◆ RECORD EXCERPTS
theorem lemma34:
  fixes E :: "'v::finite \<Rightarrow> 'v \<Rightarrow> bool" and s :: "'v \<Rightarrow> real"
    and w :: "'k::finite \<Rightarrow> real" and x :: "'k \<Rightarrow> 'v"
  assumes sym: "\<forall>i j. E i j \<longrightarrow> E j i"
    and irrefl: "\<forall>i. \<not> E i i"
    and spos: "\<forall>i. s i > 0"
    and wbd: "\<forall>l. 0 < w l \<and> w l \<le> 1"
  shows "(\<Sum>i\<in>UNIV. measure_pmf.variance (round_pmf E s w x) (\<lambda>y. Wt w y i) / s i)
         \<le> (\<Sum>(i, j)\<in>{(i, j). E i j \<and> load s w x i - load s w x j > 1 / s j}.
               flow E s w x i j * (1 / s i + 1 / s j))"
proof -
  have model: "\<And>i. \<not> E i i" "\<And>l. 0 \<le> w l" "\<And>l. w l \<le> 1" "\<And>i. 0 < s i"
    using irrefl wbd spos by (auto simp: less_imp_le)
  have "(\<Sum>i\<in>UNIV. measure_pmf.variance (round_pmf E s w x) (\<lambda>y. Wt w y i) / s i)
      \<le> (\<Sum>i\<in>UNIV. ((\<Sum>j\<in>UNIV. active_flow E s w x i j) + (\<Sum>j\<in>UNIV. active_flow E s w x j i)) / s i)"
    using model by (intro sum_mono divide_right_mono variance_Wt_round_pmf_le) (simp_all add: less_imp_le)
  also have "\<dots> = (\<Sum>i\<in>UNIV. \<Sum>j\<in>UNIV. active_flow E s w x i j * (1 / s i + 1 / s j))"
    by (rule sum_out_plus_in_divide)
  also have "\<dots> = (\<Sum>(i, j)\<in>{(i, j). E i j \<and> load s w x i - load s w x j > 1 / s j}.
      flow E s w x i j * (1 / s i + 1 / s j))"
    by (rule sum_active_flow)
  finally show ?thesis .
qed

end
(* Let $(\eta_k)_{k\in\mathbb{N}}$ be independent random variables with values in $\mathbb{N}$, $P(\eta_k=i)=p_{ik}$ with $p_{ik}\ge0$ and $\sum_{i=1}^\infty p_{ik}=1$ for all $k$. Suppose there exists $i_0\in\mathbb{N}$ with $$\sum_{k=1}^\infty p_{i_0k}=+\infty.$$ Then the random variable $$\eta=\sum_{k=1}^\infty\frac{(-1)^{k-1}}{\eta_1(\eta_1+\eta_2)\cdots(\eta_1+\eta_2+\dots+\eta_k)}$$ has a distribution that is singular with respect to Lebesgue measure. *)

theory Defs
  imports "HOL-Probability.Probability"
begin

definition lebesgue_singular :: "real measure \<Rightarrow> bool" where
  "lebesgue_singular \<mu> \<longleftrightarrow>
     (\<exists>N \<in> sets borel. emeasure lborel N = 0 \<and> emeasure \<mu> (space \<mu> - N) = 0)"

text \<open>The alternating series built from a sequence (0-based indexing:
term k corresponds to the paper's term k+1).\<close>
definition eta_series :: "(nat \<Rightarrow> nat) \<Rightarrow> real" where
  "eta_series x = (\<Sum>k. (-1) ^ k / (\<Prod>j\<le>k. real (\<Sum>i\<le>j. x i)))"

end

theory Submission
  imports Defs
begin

◆ ASSIGNMENT
A verbatim copy of all the entries above is requested.

◆ SOLVED EXERCISE
theorem lemma34:
  fixes E :: "'v::finite \<Rightarrow> 'v \<Rightarrow> bool" and s :: "'v \<Rightarrow> real"
    and w :: "'k::finite \<Rightarrow> real" and x :: "'k \<Rightarrow> 'v"
  assumes sym: "\<forall>i j. E i j \<longrightarrow> E j i"
    and irrefl: "\<forall>i. \<not> E i i"
    and spos: "\<forall>i. s i > 0"
    and wbd: "\<forall>l. 0 < w l \<and> w l \<le> 1"
  shows "(\<Sum>i\<in>UNIV. measure_pmf.variance (round_pmf E s w x) (\<lambda>y. Wt w y i) / s i)
         \<le> (\<Sum>(i, j)\<in>{(i, j). E i j \<and> load s w x i - load s w x j > 1 / s j}.
               flow E s w x i j * (1 / s i + 1 / s j))"
proof -
  have model: "\<And>i. \<not> E i i" "\<And>l. 0 \<le> w l" "\<And>l. w l \<le> 1" "\<And>i. 0 < s i"
    using irrefl wbd spos by (auto simp: less_imp_le)
  have "(\<Sum>i\<in>UNIV. measure_pmf.variance (round_pmf E s w x) (\<lambda>y. Wt w y i) / s i)
      \<le> (\<Sum>i\<in>UNIV. ((\<Sum>j\<in>UNIV. active_flow E s w x i j) + (\<Sum>j\<in>UNIV. active_flow E s w x j i)) / s i)"
    using model by (intro sum_mono divide_right_mono variance_Wt_round_pmf_le) (simp_all add: less_imp_le)
  also have "\<dots> = (\<Sum>i\<in>UNIV. \<Sum>j\<in>UNIV. active_flow E s w x i j * (1 / s i + 1 / s j))"
    by (rule sum_out_plus_in_divide)
  also have "\<dots> = (\<Sum>(i, j)\<in>{(i, j). E i j \<and> load s w x i - load s w x j > 1 / s j}.
      flow E s w x i j * (1 / s i + 1 / s j))"
    by (rule sum_active_flow)
  finally show ?thesis .
qed

end
(* Let $(\eta_k)_{k\in\mathbb{N}}$ be independent random variables with values in $\mathbb{N}$, $P(\eta_k=i)=p_{ik}$ with $p_{ik}\ge0$ and $\sum_{i=1}^\infty p_{ik}=1$ for all $k$. Suppose there exists $i_0\in\mathbb{N}$ with $$\sum_{k=1}^\infty p_{i_0k}=+\infty.$$ Then the random variable $$\eta=\sum_{k=1}^\infty\frac{(-1)^{k-1}}{\eta_1(\eta_1+\eta_2)\cdots(\eta_1+\eta_2+\dots+\eta_k)}$$ has a distribution that is singular with respect to Lebesgue measure. *)

theory Defs
  imports "HOL-Probability.Probability"
begin

definition lebesgue_singular :: "real measure \<Rightarrow> bool" where
  "lebesgue_singular \<mu> \<longleftrightarrow>
     (\<exists>N \<in> sets borel. emeasure lborel N = 0 \<and> emeasure \<mu> (space \<mu> - N) = 0)"

text \<open>The alternating series built from a sequence (0-based indexing:
term k corresponds to the paper's term k+1).\<close>
definition eta_series :: "(nat \<Rightarrow> nat) \<Rightarrow> real" where
  "eta_series x = (\<Sum>k. (-1) ^ k / (\<Prod>j\<le>k. real (\<Sum>i\<le>j. x i)))"

end

theory Submission
  imports Defs
begin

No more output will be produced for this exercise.